Data extracts
(* Let $A$ be a commutative unital ring, $d$ a derivation of $A$, and $B$ a commutative unital $A$-algebra which is finitely generated and free as an $A$-module. Let $\delta$ be a derivation of $B$ such that the structure map $A\to B$ is a differential homomorphism $(A,d)\to(B,\delta)$. Let $(D,\partial_D)$ be a differential $(B,\delta)$-algebra, i.e. $D$ is a $B$-algebra, $\partial_D$ a derivation of $D$, and the structure map $(B,\delta)\to(D,\partial_D)$ is differential. Let $W(D)$ be the classical Weil descent of $D$ from $B$ to $A$ with unit $W_D:D\to W(D)\otimes_A B$. Then there is a unique derivation $\partial_D^W$ on $W(D)$ such that $(W(D),\partial_D^W)$ is a differential $(A,d)$-algebra and $$W_D:(D,\partial_D)\to (W(D)\otimes_A B,\ \partial_D^W\otimes\delta)$$ is a differential $(B,\delta)$-algebra homomorphism, i.e. $W_D\circ\partial_D=(\partial_D^W\otimes\delta)\circ W_D$. Furthermore, $\partial_D^W$ only depends on $\partial_D$ and not on $\delta$: if $\delta'$ is another derivation of $B$ such that $(B,\delta')$ is a differential $(A,d)$-algebra and $(D,\partial_D)$ is a differential $(B,\delta')$-algebra, then the derivation of $W(D)$ obtained in the same way from $\delta'$ coincides with $\partial_D^W$.
   Context: All rings and algebras are commutative and unital, homomorphisms unital. Classical Weil descent: for an $A$-algebra $B$ that is free of finite rank as an $A$-module, let $F$ be the functor from $A$-algebras to $B$-algebras, $C\mapsto C\otimes_A B$ (structure map $b\mapsto 1\otimes b$). For a $B$-algebra $D$ the Weil descent is an $A$-algebra $W(D)$ together with a $B$-algebra homomorphism $W_D:D\to W(D)\otimes_A B$ (the unit) such that for every $A$-algebra $C$ and every $B$-algebra homomorphism $f:D\to C\otimes_A B$ there is a unique $A$-algebra homomorphism $g:W(D)\to C$ with $(g\otimes \mathrm{id}_B)\circ W_D=f$; this determines $(W(D),W_D)$ up to unique isomorphism. If $(C,\partial_C)$ is a differential $(A,d)$-algebra (an $A$-algebra with a derivation such that $A\to C$ is a differential map $(A,d)\to(C,\partial_C)$), then $\partial_C\otimes\delta$ denotes the unique derivation on $C\otimes_A B$ such that the natural maps $C\to C\otimes_A B$ and $B\to C\otimes_A B$ are differential. *)

theory Defs
  imports "HOL-Algebra.Ring" "HOL-Algebra.RingHom"
begin

definition derivation :: "('r, 'm) ring_scheme \<Rightarrow> ('r \<Rightarrow> 'r) \<Rightarrow> bool" where
  "derivation R D \<longleftrightarrow> D \<in> carrier R \<rightarrow> carrier R \<and>
     (\<forall>x\<in>carrier R. \<forall>y\<in>carrier R.
        D (x \<oplus>\<^bsub>R\<^esub> y) = D x \<oplus>\<^bsub>R\<^esub> D y \<and>
        D (x \<otimes>\<^bsub>R\<^esub> y) = (D x \<otimes>\<^bsub>R\<^esub> y) \<oplus>\<^bsub>R\<^esub> (x \<otimes>\<^bsub>R\<^esub> D y))"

Task objective
Which lines run from the one holding "ring_scheme \<Rightarrow> ('r" through the one holding "(\<forall>x\<in>carrier R. \<forall>y\<in>carrier" in the records above? Repeat them exactly, both included, and nothing more.

Output of the exercise
definition derivation :: "('r, 'm) ring_scheme \<Rightarrow> ('r \<Rightarrow> 'r) \<Rightarrow> bool" where
  "derivation R D \<longleftrightarrow> D \<in> carrier R \<rightarrow> carrier R \<and>
     (\<forall>x\<in>carrier R. \<forall>y\<in>carrier R.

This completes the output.